■ WHAT THE TASK REQUIRES
Print out the complete set of records below, exactly as they read.

■ THE INPUT
====================
lemma coset_transversal_fourth_roots_of_unity:
  fixes g a :: "'a::{finite,field}"
  assumes "primitive_element g" and "g \<noteq> 0" and "- 1 \<notin> cyc_class g 4 0"
    and "a * a = -1" and "b = - a"
  shows "coset_transversal (cyc_class g 4 0) 4 ((!) [1, -1, a, b])"
proof -
  let ?D = "cyc_class g 4 0"
  let ?c = "(!) [1, -1, a, b]"
  have "b * b = -1"
    using assms(4,5) by simp
  then have "a \<notin> ?D" "b \<notin> ?D"
    using assms(3,4) cyc_class_mult[of a g 4 a] cyc_class_mult[of b g 4 b] by auto
  show ?thesis
  proof (rule cyc_class_transversal[OF assms(1,2)])
    show "\<forall>k<4. ?c k \<noteq> 0"
    proof (intro allI impI)
      fix k :: nat assume "k < 4"
      moreover have "a \<noteq> 0" "b \<noteq> 0"
        using assms(4) \<open>b * b = -1\<close> by auto
      ultimately show "?c k \<noteq> 0"
        using less_4_cases[of k] by auto
    qed
    show "\<forall>k<4. \<forall>l<4. k \<noteq> l \<longrightarrow> ?c l / ?c k \<notin> ?D"
    proof (intro allI impI)
      fix k l :: nat assume "k < 4" "l < 4" "k \<noteq> l"
      then have "?c l / ?c k \<in> {-1, a, b}"
        using Mmat_off_diagonal[of k l a b] Mmat_eq_ratio[OF assms(4,5), of k l] by simp
      then show "?c l / ?c k \<notin> ?D"
        using assms(3) \<open>a \<notin> ?D\<close> \<open>b \<notin> ?D\<close> by auto
    qed
  qed simp
qed

theorem mainTheorem10:
  fixes \<gamma> a b :: "'a::{finite,field}" and m :: nat
  assumes "primitive_element \<gamma>"
    and "card (UNIV :: 'a set) = 4 * m + 1"
    and "- 1 \<notin> cyc_class \<gamma> 4 0"
    and "a ^ 2 = - 1" and "b ^ 2 = - 1" and "a \<noteq> b"
  shows "dsrg ({0..<4} \<times> UNIV) (block_adj \<gamma> a b)
           (4 * (4 * int m + 1)) (4 * int m) (int m) (int m - 1) (int m)"
proof -
  let ?D = "cyc_class \<gamma> 4 0"
  have "b = - a"
    using assms(4-6) power2_eq_iff[of b a] by simp
  have "a * a = -1"
    using assms(4) by (simp add: power2_eq_square)
  have "(-1::'a) \<noteq> 1"
    using assms(3) one_in_cyc_class[of \<gamma> 4] by metis
  then have "\<gamma> \<noteq> 0"
    by (rule primitive_element_nonzero[OF assms(1)])
  then have transversal: "coset_transversal ?D 4 ((!) [1, -1, a, b])" and "0 \<notin> ?D"
    using coset_transversal_fourth_roots_of_unity[OF assms(1) _ assms(3) \<open>a * a = -1\<close> \<open>b = - a\<close>]
      zero_notin_cyc_class by blast+
  have "card ?D = m"
    using card_coset_transversal[OF transversal \<open>0 \<notin> ?D\<close>] assms(2) by simp
  then have "dsrg ({0..<4} \<times> UNIV) (ratio_block_adj ?D ((!) [1, -1, a, b]))
      (4 * (4 * int m + 1)) (4 * int m) (int m) (int m - 1) (int m)"
    using dsrg_ratio_block_adj[OF transversal \<open>0 \<notin> ?D\<close>] assms(2) by (simp add: add.commute)
  then show ?thesis
    by (rule dsrg_cong) (simp add: block_adj_eq_ratio_block_adj[OF \<open>a * a = -1\<close> \<open>b = - a\<close>])
qed

end
(* Let $\tau$ be a nonzero integer, $m\geq1$, and $R=\mathbb{Q}[q^{\pm1/2},a^{\pm1/2}]$. With $g_m(q,a)$ as defined in the context, \[ \{m\}\{m\tau\}\,g_m(q,a)=\sum_{d\mid m}\ \sum_{|\nu|=m/d}\frac{\mu(d)(-1)^{m\tau/d}}{\mathfrak{z}_\nu}\,\frac{\{m\nu\tau\}}{\{d\nu\}}\,\{d\nu\}_a, \] and this element of $R$ is divisible in $R$ by $\{m\tau\}\{m\}/\{1\}^2$.
   Context: $\{n\}_x=x^{n/2}-x^{-n/2}$, $\{n\}=\{n\}_q$; for a partition $\nu=(\nu_1,\dots,\nu_\ell)$ and integer $c$, $\{c\nu\}_x=\prod_i\{c\nu_i\}_x$, $\{c\nu\}=\{c\nu\}_q$, $\{m\nu\tau\}=\prod_i\{m\nu_i\tau\}$, and $\frac{\{m\nu\tau\}}{\{d\nu\}}=\prod_i\frac{\{m\nu_i\tau\}}{\{d\nu_i\}}$. $\mathfrak{z}_\nu=\prod_j j^{k_j}k_j!$ with $k_j$ the number of parts equal to $j$; $\mu$ is the Möbius function. $\mathcal{Z}_m(q,a)=(-1)^{m\tau}\sum_{|\nu|=m}\frac{1}{\mathfrak{z}_\nu}\frac{\{m\nu\tau\}}{\{m\}\{m\tau\}}\frac{\{\nu\}_a}{\{\nu\}}$ and $g_m(q,a)=\sum_{d\mid m}\mu(d)\mathcal{Z}_{m/d}(q^d,a^d)$. *)

theory Defs
  imports "HOL-Computational_Algebra.Computational_Algebra" "HOL-Library.Multiset"
begin

text \<open>We work in the field of rational functions K = Frac(Q[x,y]), realised as
  the fraction field of bivariate polynomials (rat poly poly), where
  x = q^(1/2) and y = a^(1/2).  The ring R = Q[q^(+-1/2), a^(+-1/2)] is the
  subring Q[x,y][1/(xy)] of K.\<close>

type_synonym rf = "rat poly poly fract"

definition emb :: "rat poly poly \<Rightarrow> rf" where
  "emb P = Fract P 1"

text \<open>qh = q^(1/2) (the inner variable), ah = a^(1/2) (the outer variable).\<close>
definition qh :: rf where "qh = emb [:[:0, 1:]:]"
definition ah :: rf where "ah = emb [:0, 1:]"

text \<open>br n s = {n}_{s^2} = s^n - s^(-n); so {n} = br n qh and {n}_a = br n ah,
  and {n}_{x^d} = br n (s^d) when s is the square root of x.\<close>
definition br :: "int \<Rightarrow> rf \<Rightarrow> rf" where
  "br n s = s powi n - s powi (- n)"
====================
■ WORKED SOLUTION
lemma coset_transversal_fourth_roots_of_unity:
  fixes g a :: "'a::{finite,field}"
  assumes "primitive_element g" and "g \<noteq> 0" and "- 1 \<notin> cyc_class g 4 0"
    and "a * a = -1" and "b = - a"
  shows "coset_transversal (cyc_class g 4 0) 4 ((!) [1, -1, a, b])"
proof -
  let ?D = "cyc_class g 4 0"
  let ?c = "(!) [1, -1, a, b]"
  have "b * b = -1"
    using assms(4,5) by simp
  then have "a \<notin> ?D" "b \<notin> ?D"
    using assms(3,4) cyc_class_mult[of a g 4 a] cyc_class_mult[of b g 4 b] by auto
  show ?thesis
  proof (rule cyc_class_transversal[OF assms(1,2)])
    show "\<forall>k<4. ?c k \<noteq> 0"
    proof (intro allI impI)
      fix k :: nat assume "k < 4"
      moreover have "a \<noteq> 0" "b \<noteq> 0"
        using assms(4) \<open>b * b = -1\<close> by auto
      ultimately show "?c k \<noteq> 0"
        using less_4_cases[of k] by auto
    qed
    show "\<forall>k<4. \<forall>l<4. k \<noteq> l \<longrightarrow> ?c l / ?c k \<notin> ?D"
    proof (intro allI impI)
      fix k l :: nat assume "k < 4" "l < 4" "k \<noteq> l"
      then have "?c l / ?c k \<in> {-1, a, b}"
        using Mmat_off_diagonal[of k l a b] Mmat_eq_ratio[OF assms(4,5), of k l] by simp
      then show "?c l / ?c k \<notin> ?D"
        using assms(3) \<open>a \<notin> ?D\<close> \<open>b \<notin> ?D\<close> by auto
    qed
  qed simp
qed

theorem mainTheorem10:
  fixes \<gamma> a b :: "'a::{finite,field}" and m :: nat
  assumes "primitive_element \<gamma>"
    and "card (UNIV :: 'a set) = 4 * m + 1"
    and "- 1 \<notin> cyc_class \<gamma> 4 0"
    and "a ^ 2 = - 1" and "b ^ 2 = - 1" and "a \<noteq> b"
  shows "dsrg ({0..<4} \<times> UNIV) (block_adj \<gamma> a b)
           (4 * (4 * int m + 1)) (4 * int m) (int m) (int m - 1) (int m)"
proof -
  let ?D = "cyc_class \<gamma> 4 0"
  have "b = - a"
    using assms(4-6) power2_eq_iff[of b a] by simp
  have "a * a = -1"
    using assms(4) by (simp add: power2_eq_square)
  have "(-1::'a) \<noteq> 1"
    using assms(3) one_in_cyc_class[of \<gamma> 4] by metis
  then have "\<gamma> \<noteq> 0"
    by (rule primitive_element_nonzero[OF assms(1)])
  then have transversal: "coset_transversal ?D 4 ((!) [1, -1, a, b])" and "0 \<notin> ?D"
    using coset_transversal_fourth_roots_of_unity[OF assms(1) _ assms(3) \<open>a * a = -1\<close> \<open>b = - a\<close>]
      zero_notin_cyc_class by blast+
  have "card ?D = m"
    using card_coset_transversal[OF transversal \<open>0 \<notin> ?D\<close>] assms(2) by simp
  then have "dsrg ({0..<4} \<times> UNIV) (ratio_block_adj ?D ((!) [1, -1, a, b]))
      (4 * (4 * int m + 1)) (4 * int m) (int m) (int m - 1) (int m)"
    using dsrg_ratio_block_adj[OF transversal \<open>0 \<notin> ?D\<close>] assms(2) by (simp add: add.commute)
  then show ?thesis
    by (rule dsrg_cong) (simp add: block_adj_eq_ratio_block_adj[OF \<open>a * a = -1\<close> \<open>b = - a\<close>])
qed

end
(* Let $\tau$ be a nonzero integer, $m\geq1$, and $R=\mathbb{Q}[q^{\pm1/2},a^{\pm1/2}]$. With $g_m(q,a)$ as defined in the context, \[ \{m\}\{m\tau\}\,g_m(q,a)=\sum_{d\mid m}\ \sum_{|\nu|=m/d}\frac{\mu(d)(-1)^{m\tau/d}}{\mathfrak{z}_\nu}\,\frac{\{m\nu\tau\}}{\{d\nu\}}\,\{d\nu\}_a, \] and this element of $R$ is divisible in $R$ by $\{m\tau\}\{m\}/\{1\}^2$.
   Context: $\{n\}_x=x^{n/2}-x^{-n/2}$, $\{n\}=\{n\}_q$; for a partition $\nu=(\nu_1,\dots,\nu_\ell)$ and integer $c$, $\{c\nu\}_x=\prod_i\{c\nu_i\}_x$, $\{c\nu\}=\{c\nu\}_q$, $\{m\nu\tau\}=\prod_i\{m\nu_i\tau\}$, and $\frac{\{m\nu\tau\}}{\{d\nu\}}=\prod_i\frac{\{m\nu_i\tau\}}{\{d\nu_i\}}$. $\mathfrak{z}_\nu=\prod_j j^{k_j}k_j!$ with $k_j$ the number of parts equal to $j$; $\mu$ is the Möbius function. $\mathcal{Z}_m(q,a)=(-1)^{m\tau}\sum_{|\nu|=m}\frac{1}{\mathfrak{z}_\nu}\frac{\{m\nu\tau\}}{\{m\}\{m\tau\}}\frac{\{\nu\}_a}{\{\nu\}}$ and $g_m(q,a)=\sum_{d\mid m}\mu(d)\mathcal{Z}_{m/d}(q^d,a^d)$. *)

theory Defs
  imports "HOL-Computational_Algebra.Computational_Algebra" "HOL-Library.Multiset"
begin

text \<open>We work in the field of rational functions K = Frac(Q[x,y]), realised as
  the fraction field of bivariate polynomials (rat poly poly), where
  x = q^(1/2) and y = a^(1/2).  The ring R = Q[q^(+-1/2), a^(+-1/2)] is the
  subring Q[x,y][1/(xy)] of K.\<close>

type_synonym rf = "rat poly poly fract"

definition emb :: "rat poly poly \<Rightarrow> rf" where
  "emb P = Fract P 1"

text \<open>qh = q^(1/2) (the inner variable), ah = a^(1/2) (the outer variable).\<close>
definition qh :: rf where "qh = emb [:[:0, 1:]:]"
definition ah :: rf where "ah = emb [:0, 1:]"

text \<open>br n s = {n}_{s^2} = s^n - s^(-n); so {n} = br n qh and {n}_a = br n ah,
  and {n}_{x^d} = br n (s^d) when s is the square root of x.\<close>
definition br :: "int \<Rightarrow> rf \<Rightarrow> rf" where
  "br n s = s powi n - s powi (- n)"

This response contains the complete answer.